TMs are able to aid with cell proliferation ^[2] and Weil et al. ^[3] showed that after surgery, nearby cells actually extend their TMs toward the lesion along which cell nuclei can travel. These nuclei can then begin repopulating the lesion. Weil et al. ^[3] also showed that glioblastoma cells can actually move toward the lesion, where on day 5 after surgery, more than half of the glioblastoma cells move toward the lesion. In addition, surgery creates a wound and a wound-healing response is triggered. Wound healing is classically a four-stage process with stages that may overlap: 1) hemostasis, 2) inflammation, 3) cell proliferation, and 4) remodeling ^[6,7]. Inflammation during a wound-healing process has been shown to have the potential to be tumor promoting, since immune inflammatory cells release growth factors and promote cancer cell proliferation and cancer spread ^[8,9]. Moreover, an injury may activate microglia and macrophages which aid with cancer cell survival, proliferation, and invasion ^[10,11]. Hence, in addition to TMs, wound-healing mechanisms may also be promoting tumor growth. We will use our mathematical model to investigate the significance of these processes related to the cancer regrowth data from ^[3].

1.2.   Modeling of brain tumors

According to the data from the World Health Organization (WHO), the incidence of brain cancer is about 4 out of 100,000 people worldwide (www.who.int). Treatments vary widely depending on the stage, size, and location of the cancer, and age and health of the patient ^[12,13]. Most patients would undergo surgery, followed by radiation treatment, but many other treatments such as chemotherapies, targeted therapies, and immunotherapies, are possible too ^[12].

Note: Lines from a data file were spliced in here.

(* The point spectrum of $\dot I_{\mathrm{A}_{\frac12\infty}}$ on $\overline H_{\mathrm{A}_{\frac12\infty},\mathbb{C}}$ is empty, and the point spectrum of $\dot I_{\mathrm{D}_{\frac12\infty}}$ on $\overline H_{\mathrm{D}_{\frac12\infty},\mathbb{C}}$ consists of the single eigenvalue $2$, with multiplicity $1$. In particular, for both $W$, $\ker(\dot I_W)\cap\overline H_{W,\mathbb{C}}=\{0\}$.
   Context: Index sets: $C_{W,0}=\{c_0^{(n)}:n\ge1\}$ (type $\mathrm{A}_{\frac12\infty}$) or $\{c_0^{(n)}:n\ge1\}\cup\{c_0^+,c_0^-\}$ (type $\mathrm{D}_{\frac12\infty}$); $C_{W,1}=\{c_1^{(n)}:n\ge1\}$; $C_W=C_{W,0}\sqcup C_{W,1}$. Adjacency: $c_0^{(n)}$ adjacent to $c_1^{(n)}$ and $c_1^{(n+1)}$; in type D, $c_0^\pm$ adjacent to $c_1^{(1)}$; no others. $\overline H_{W,\mathbb{C}}=\ell^2(C_W)$ with orthonormal basis $\{\gamma_c\}$. $\dot I_W$ is the bounded self-adjoint operator with matrix $\langle\dot I_W\gamma_c,\gamma_{c'}\rangle=2$ if $c=c'$, $-1$ if $c,c'$ adjacent, $0$ otherwise. *)

theory Defs
  imports "HOL-Analysis.Analysis"
begin

datatype dtype = A_half | D_half

text \<open>Vertices: C0 n = c_0^(n), C1 n = c_1^(n), C0p = c_0^+, C0m = c_0^-.\<close>
datatype node = C0 nat | C1 nat | C0p | C0m

definition CW0 :: "dtype \<Rightarrow> node set" where
  "CW0 W = {C0 n | n. n \<ge> 1} \<union> (if W = D_half then {C0p, C0m} else {})"

definition CW1 :: "dtype \<Rightarrow> node set" where
  "CW1 W = {C1 n | n. n \<ge> 1}"

definition CW :: "dtype \<Rightarrow> node set" where
  "CW W = CW0 W \<union> CW1 W"

definition adj0 :: "dtype \<Rightarrow> node \<Rightarrow> node \<Rightarrow> bool" where
  "adj0 W c c' \<longleftrightarrow>
     (\<exists>n\<ge>1. c = C0 n \<and> (c' = C1 n \<or> c' = C1 (n + 1)))
   \<or> (W = D_half \<and> (c = C0p \<or> c = C0m) \<and> c' = C1 1)"

definition adj :: "dtype \<Rightarrow> node \<Rightarrow> node \<Rightarrow> bool" where
  "adj W c c' \<longleftrightarrow> c \<in> CW W \<and> c' \<in> CW W \<and> (adj0 W c c' \<or> adj0 W c' c)"

definition Imat :: "dtype \<Rightarrow> node \<Rightarrow> node \<Rightarrow> complex" where
  "Imat W c c' = (if c \<in> CW W \<and> c' \<in> CW W then
      (if c = c' then 2 else if adj W c c' then -1 else 0) else 0)"

definition l2 :: "dtype \<Rightarrow> (node \<Rightarrow> complex) \<Rightarrow> bool" where
  "l2 W f \<longleftrightarrow> (\<forall>c. c \<notin> CW W \<longrightarrow> f c = 0) \<and> (\<lambda>c. (cmod (f c))\<^sup>2) summable_on CW W"

definition Iop :: "dtype \<Rightarrow> (node \<Rightarrow> complex) \<Rightarrow> node \<Rightarrow> complex" where
  "Iop W f c' = (\<Sum>\<^sub>\<infinity>c\<in>CW W. Imat W c c' * f c)"

definition eigenspace :: "dtype \<Rightarrow> complex \<Rightarrow> (node \<Rightarrow> complex) set" where
  "eigenspace W \<mu> = {f. l2 W f \<and> Iop W f = (\<lambda>c. \<mu> * f c)}"

definition point_spectrum :: "dtype \<Rightarrow> complex set" where
  "point_spectrum W = {\<mu>. \<exists>f\<in>eigenspace W \<mu>. f \<noteq> (\<lambda>_. 0)}"

end

theory Submission
  imports Defs
begin

(* Along the half-infinite path C1 1, C0 1, C1 2, C0 2, ... an eigenvector for \<mu> satisfies
   b (k+2) = t * b (k+1) - b k with t = 2 - \<mu>, a recurrence that conserves
   b k^2 - t * b k * b (k+1) + b (k+1)^2. Square summability forces b \<longlonglongrightarrow> 0, so the
   invariant vanishes. In type A the boundary value b 0 = 0 then kills every solution. In type D
   the fork gives t * b 0 = 2 * b 1, hence b 1 = \<plusminus>b 0; a nonzero solution would then have
   constant modulus, so b = 0 and the eigenvector lives on the two fork vertices, which forces
   \<mu> = 2 and values of opposite sign there. *)

lemma mem_CW [simp]:
  "C0 n \<in> CW W \<longleftrightarrow> n \<ge> 1" "C1 n \<in> CW W \<longleftrightarrow> n \<ge> 1"
  "C0p \<in> CW W \<longleftrightarrow> W = D_half" "C0m \<in> CW W \<longleftrightarrow> W = D_half"
  by (auto simp: CW_def CW0_def CW1_def)

lemma Iop_eq_neighbours:
  assumes "c' \<in> CW W" "finite {c. adj W c c'}"
  shows "Iop W f c' = 2 * f c' - (\<Sum>c | adj W c c'. f c)"
proof -
  let ?N = "{c. adj W c c'}"
  have N_sub: "?N \<subseteq> CW W" and c'_notin: "c' \<notin> ?N"
    by (auto simp: adj_def adj0_def)
  have "Iop W f c' = (\<Sum>c\<in>insert c' ?N. Imat W c c' * f c)"
    unfolding Iop_def using assms N_sub
    by (subst infsum_cong_neutral[where T = "insert c' ?N"]) (auto simp: Imat_def)
  also have "\<dots> = 2 * f c' - (\<Sum>c\<in>?N. f c)"
    using assms N_sub c'_notin by (auto simp: Imat_def sum_negf[symmetric] intro!: sum.cong)
  finally show ?thesis .
qed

There have been a number of mathematical models proposed to model the growth and spread of glioblastomas. One can use agent-based models to model glioblastoma dynamics to better capture single cell behavior. For example, Gao et al. ^[14] have used a cellular Potts model to capture cell structure, adhesion, and motility as well as the cell heterogeneity of glioblastoma tumors. Reaction diffusion equations have been especially popular to model the growth dynamics for glioblastoma tumors, as the diffusion term can be used to capture the movement of cells and the source term (in the form of exponential or logistic growth) can be used to capture the growth dynamics of glioblastomas ^[15,16]. The simulations from these models have been shown to have good agreement with MRI data of gliomas ^[15,16], where the model in ^[16] can adapt to different cell movement speeds along the white or gray matter tracts in the brain and the model proposed in ^[15] can use Bayesian personalization of model parameters to better fit to patient data. These models can also be adapted to include anatomical boundaries ^[17]. However, the models in ^[15,16] have only employed isotropic diffusion of the glioma cells, meaning that cells have equal probability to move in any given direction. It has been observed that glioma cells tend to move along white matter tracts in the brain, showing that glioma cells can have preferential movement ^[18]. To include preferential movement, one can use a mechanistic model where anisotropic diffusion of cancer cells arises as a byproduct of various mechanistic forces. For example, Colombo et al. ^[19] proposed a fully mechanistic model which incorporated patient specific anisotropy from diffusion tensor imaging (DTI) data and accounted for nutrient availability for the cancer cells. Alternatively, a fully anisotropic version of the isotropic models described above can be formally derived in the form of transport equations ^[20,21]. The anisotropic movement in the transport equation model is captured by the diffusion tensor, which can be formulated to include patient-specific DTI by specifying the orientational distribution of tissue fibers ^[21,22,23].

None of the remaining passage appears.